lemma hyperdet_divisibility_factorization:
  fixes A :: "nat list \<Rightarrow> complex" and G :: "nat \<Rightarrow> (nat \<Rightarrow> nat) \<Rightarrow> complex" and x :: "nat \<Rightarrow> nat"
  assumes I: "{2..k+1} \<subseteq> I" and x: "inj_on x {1..n}" "\<And>v. v \<in> {1..n} \<Longrightarrow> x v > 0"
    and G: "\<And>i m. G i m \<noteq> 0 \<Longrightarrow> \<forall>j\<in>{2..k+1}. x (m j) dvd x i"
    and entries: "\<And>w. (\<And>j. j \<in> {1..k+1} \<Longrightarrow> w j \<in> {1..n}) \<Longrightarrow> A (map w [1..<k+2]) =
      (\<Sum>m\<in>PiE {2..k+1} (\<lambda>_. {1..n}). G (w 1) m * (\<Prod>j\<in>{2..k+1}. of_bool (x (m j) dvd x (w j))))"
  shows "hyperdet (k+1) n I A = 1 / of_nat (fact n) *
    (\<Sum>p | p permutes {1..n}. (if 1 \<in> I then of_int (sign p) else 1) * of_int (sign p) ^ k *
      (\<Prod>v\<in>{1..n}. G v (\<lambda>j\<in>{2..k+1}. v)))"
proof -
  note hyperdet_expansion[where A = A and G = G and E = "\<lambda>i m. of_bool (x m dvd x i)", OF I entries]
  also have "1 / of_nat (fact n) * (\<Sum>p | p permutes {1..n}. (if 1 \<in> I then of_int (sign p) else 1) *
      (\<Sum>\<nu>\<in>PiE {1..n} (\<lambda>_. PiE {2..k+1} (\<lambda>_. {1..n})). (\<Prod>v\<in>{1..n}. G (p v) (\<nu> v)) *
        (\<Prod>j\<in>{2..k+1}. det_on {1..n} (\<lambda>i v. of_bool (x (\<nu> v j) dvd x i)))))
    = 1 / of_nat (fact n) * (\<Sum>p | p permutes {1..n}. (if 1 \<in> I then of_int (sign p) else 1) *
      (of_int (sign p) ^ k * (\<Prod>v\<in>{1..n}. G v (\<lambda>j\<in>{2..k+1}. v))))"
  proof (intro arg_cong[where f = "(*) _"] sum.cong refl)
    fix p assume "p \<in> {p. p permutes {1..n}}"
    then show "(\<Sum>\<nu>\<in>PiE {1..n} (\<lambda>_. PiE {2..k+1} (\<lambda>_. {1..n})). (\<Prod>v\<in>{1..n}. G (p v) (\<nu> v)) *
        (\<Prod>j\<in>{2..k+1}. det_on {1..n} (\<lambda>i v. of_bool (x (\<nu> v j) dvd x i))))
      = of_int (sign p) ^ k * (\<Prod>v\<in>{1..n}. G v (\<lambda>j\<in>{2..k+1}. v))"
      using sum_det_on_divisibility_columns[of "{1..n}" "{2..k+1}" x p G] x G by simp
  qed
  finally show ?thesis
    by (simp only: mult.assoc)
qed

section \<open>The Moebius coefficients of an even function\<close>

text \<open>The coefficient g_r(e) of the proof idea; its k arguments are indexed by 2, ..., k+1, the
  directions of the hypermatrix after the first.\<close>
definition moebius_coeff :: "nat \<Rightarrow> (nat \<Rightarrow> nat list \<Rightarrow> complex) \<Rightarrow> nat \<Rightarrow> (nat \<Rightarrow> nat) \<Rightarrow> complex" where
  "moebius_coeff k F r e = (\<Sum>d\<in>PiE {2..k+1} (\<lambda>j. {t. t dvd e j}).
     F r (map d [2..<k+2]) * (\<Prod>j\<in>{2..k+1}. of_int (moebius_mu (e j div d j))))"

lemma moebius_coeff_cong:
  "(\<And>j. j \<in> {2..k+1} \<Longrightarrow> e j = e' j) \<Longrightarrow> moebius_coeff k F r e = moebius_coeff k F r e'"
  unfolding moebius_coeff_def by (intro sum.cong PiE_cong prod.cong) auto

lemma even_modD:
  "even_mod k F \<Longrightarrow> 0 < r \<Longrightarrow> length ns = k \<Longrightarrow> (\<And>m. m \<in> set ns \<Longrightarrow> 0 < m) \<Longrightarrow>
    F r ns = F r (map (\<lambda>m. gcd m r) ns)"
  unfolding even_mod_def by blast

lemma even_mod_eq_sum_moebius_coeff:
  assumes ev: "even_mod k F" and r: "r > 0" and ns: "\<And>j. j \<in> {2..k+1} \<Longrightarrow> ns j > 0"
  shows "F r (map ns [2..<k+2]) = (\<Sum>e\<in>PiE {2..k+1} (\<lambda>j. {d. d dvd gcd (ns j) r}). moebius_coeff k F r e)"
proof -
  define c where "c = (\<lambda>j. gcd (ns j) r)"
  have "F r (map ns [2..<k+2]) = F r (map (\<lambda>m. gcd m r) (map ns [2..<k+2]))"
    using ns by (intro even_modD[OF ev r]) auto
  also have "\<dots> = F r (map (restrict c {2..k+1}) [2..<k+2])"
    by (intro arg_cong[where f = "F r"]) (auto simp: c_def)
  also have "\<dots> = (\<Sum>e\<in>PiE {2..k+1} (\<lambda>j. {d. d dvd c j}). moebius_coeff k F r e)"
    unfolding moebius_coeff_def using r by (intro moebius_inversion_PiE[symmetric]) (auto simp: c_def)
  finally show ?thesis
    by (simp add: c_def)
qed

definition divisor_coeff ::
    "nat \<Rightarrow> (nat \<Rightarrow> nat list \<Rightarrow> complex) \<Rightarrow> ('a \<Rightarrow> nat) \<Rightarrow> 'a \<Rightarrow> (nat \<Rightarrow> 'a) \<Rightarrow> complex" where
  "divisor_coeff k F x i m =
     of_bool (\<forall>j\<in>{2..k+1}. x (m j) dvd x i) * moebius_coeff k F (x i) (\<lambda>j. x (m j))"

....

■ **Work request**
Take the entries above and transcribe them exactly.

■ **Answer to this exercise**
lemma hyperdet_divisibility_factorization:
  fixes A :: "nat list \<Rightarrow> complex" and G :: "nat \<Rightarrow> (nat \<Rightarrow> nat) \<Rightarrow> complex" and x :: "nat \<Rightarrow> nat"
  assumes I: "{2..k+1} \<subseteq> I" and x: "inj_on x {1..n}" "\<And>v. v \<in> {1..n} \<Longrightarrow> x v > 0"
    and G: "\<And>i m. G i m \<noteq> 0 \<Longrightarrow> \<forall>j\<in>{2..k+1}. x (m j) dvd x i"
    and entries: "\<And>w. (\<And>j. j \<in> {1..k+1} \<Longrightarrow> w j \<in> {1..n}) \<Longrightarrow> A (map w [1..<k+2]) =
      (\<Sum>m\<in>PiE {2..k+1} (\<lambda>_. {1..n}). G (w 1) m * (\<Prod>j\<in>{2..k+1}. of_bool (x (m j) dvd x (w j))))"
  shows "hyperdet (k+1) n I A = 1 / of_nat (fact n) *
    (\<Sum>p | p permutes {1..n}. (if 1 \<in> I then of_int (sign p) else 1) * of_int (sign p) ^ k *
      (\<Prod>v\<in>{1..n}. G v (\<lambda>j\<in>{2..k+1}. v)))"
proof -
  note hyperdet_expansion[where A = A and G = G and E = "\<lambda>i m. of_bool (x m dvd x i)", OF I entries]
  also have "1 / of_nat (fact n) * (\<Sum>p | p permutes {1..n}. (if 1 \<in> I then of_int (sign p) else 1) *
      (\<Sum>\<nu>\<in>PiE {1..n} (\<lambda>_. PiE {2..k+1} (\<lambda>_. {1..n})). (\<Prod>v\<in>{1..n}. G (p v) (\<nu> v)) *
        (\<Prod>j\<in>{2..k+1}. det_on {1..n} (\<lambda>i v. of_bool (x (\<nu> v j) dvd x i)))))
    = 1 / of_nat (fact n) * (\<Sum>p | p permutes {1..n}. (if 1 \<in> I then of_int (sign p) else 1) *
      (of_int (sign p) ^ k * (\<Prod>v\<in>{1..n}. G v (\<lambda>j\<in>{2..k+1}. v))))"
  proof (intro arg_cong[where f = "(*) _"] sum.cong refl)
    fix p assume "p \<in> {p. p permutes {1..n}}"
    then show "(\<Sum>\<nu>\<in>PiE {1..n} (\<lambda>_. PiE {2..k+1} (\<lambda>_. {1..n})). (\<Prod>v\<in>{1..n}. G (p v) (\<nu> v)) *
        (\<Prod>j\<in>{2..k+1}. det_on {1..n} (\<lambda>i v. of_bool (x (\<nu> v j) dvd x i))))
      = of_int (sign p) ^ k * (\<Prod>v\<in>{1..n}. G v (\<lambda>j\<in>{2..k+1}. v))"
      using sum_det_on_divisibility_columns[of "{1..n}" "{2..k+1}" x p G] x G by simp
  qed
  finally show ?thesis
    by (simp only: mult.assoc)
qed

section \<open>The Moebius coefficients of an even function\<close>

text \<open>The coefficient g_r(e) of the proof idea; its k arguments are indexed by 2, ..., k+1, the
  directions of the hypermatrix after the first.\<close>
definition moebius_coeff :: "nat \<Rightarrow> (nat \<Rightarrow> nat list \<Rightarrow> complex) \<Rightarrow> nat \<Rightarrow> (nat \<Rightarrow> nat) \<Rightarrow> complex" where
  "moebius_coeff k F r e = (\<Sum>d\<in>PiE {2..k+1} (\<lambda>j. {t. t dvd e j}).
     F r (map d [2..<k+2]) * (\<Prod>j\<in>{2..k+1}. of_int (moebius_mu (e j div d j))))"

lemma moebius_coeff_cong:
  "(\<And>j. j \<in> {2..k+1} \<Longrightarrow> e j = e' j) \<Longrightarrow> moebius_coeff k F r e = moebius_coeff k F r e'"
  unfolding moebius_coeff_def by (intro sum.cong PiE_cong prod.cong) auto

lemma even_modD:
  "even_mod k F \<Longrightarrow> 0 < r \<Longrightarrow> length ns = k \<Longrightarrow> (\<And>m. m \<in> set ns \<Longrightarrow> 0 < m) \<Longrightarrow>
    F r ns = F r (map (\<lambda>m. gcd m r) ns)"
  unfolding even_mod_def by blast

lemma even_mod_eq_sum_moebius_coeff:
  assumes ev: "even_mod k F" and r: "r > 0" and ns: "\<And>j. j \<in> {2..k+1} \<Longrightarrow> ns j > 0"
  shows "F r (map ns [2..<k+2]) = (\<Sum>e\<in>PiE {2..k+1} (\<lambda>j. {d. d dvd gcd (ns j) r}). moebius_coeff k F r e)"
proof -
  define c where "c = (\<lambda>j. gcd (ns j) r)"
  have "F r (map ns [2..<k+2]) = F r (map (\<lambda>m. gcd m r) (map ns [2..<k+2]))"
    using ns by (intro even_modD[OF ev r]) auto
  also have "\<dots> = F r (map (restrict c {2..k+1}) [2..<k+2])"
    by (intro arg_cong[where f = "F r"]) (auto simp: c_def)
  also have "\<dots> = (\<Sum>e\<in>PiE {2..k+1} (\<lambda>j. {d. d dvd c j}). moebius_coeff k F r e)"
    unfolding moebius_coeff_def using r by (intro moebius_inversion_PiE[symmetric]) (auto simp: c_def)
  finally show ?thesis
    by (simp add: c_def)
qed

definition divisor_coeff ::
    "nat \<Rightarrow> (nat \<Rightarrow> nat list \<Rightarrow> complex) \<Rightarrow> ('a \<Rightarrow> nat) \<Rightarrow> 'a \<Rightarrow> (nat \<Rightarrow> 'a) \<Rightarrow> complex" where
  "divisor_coeff k F x i m =
     of_bool (\<forall>j\<in>{2..k+1}. x (m j) dvd x i) * moebius_coeff k F (x i) (\<lambda>j. x (m j))"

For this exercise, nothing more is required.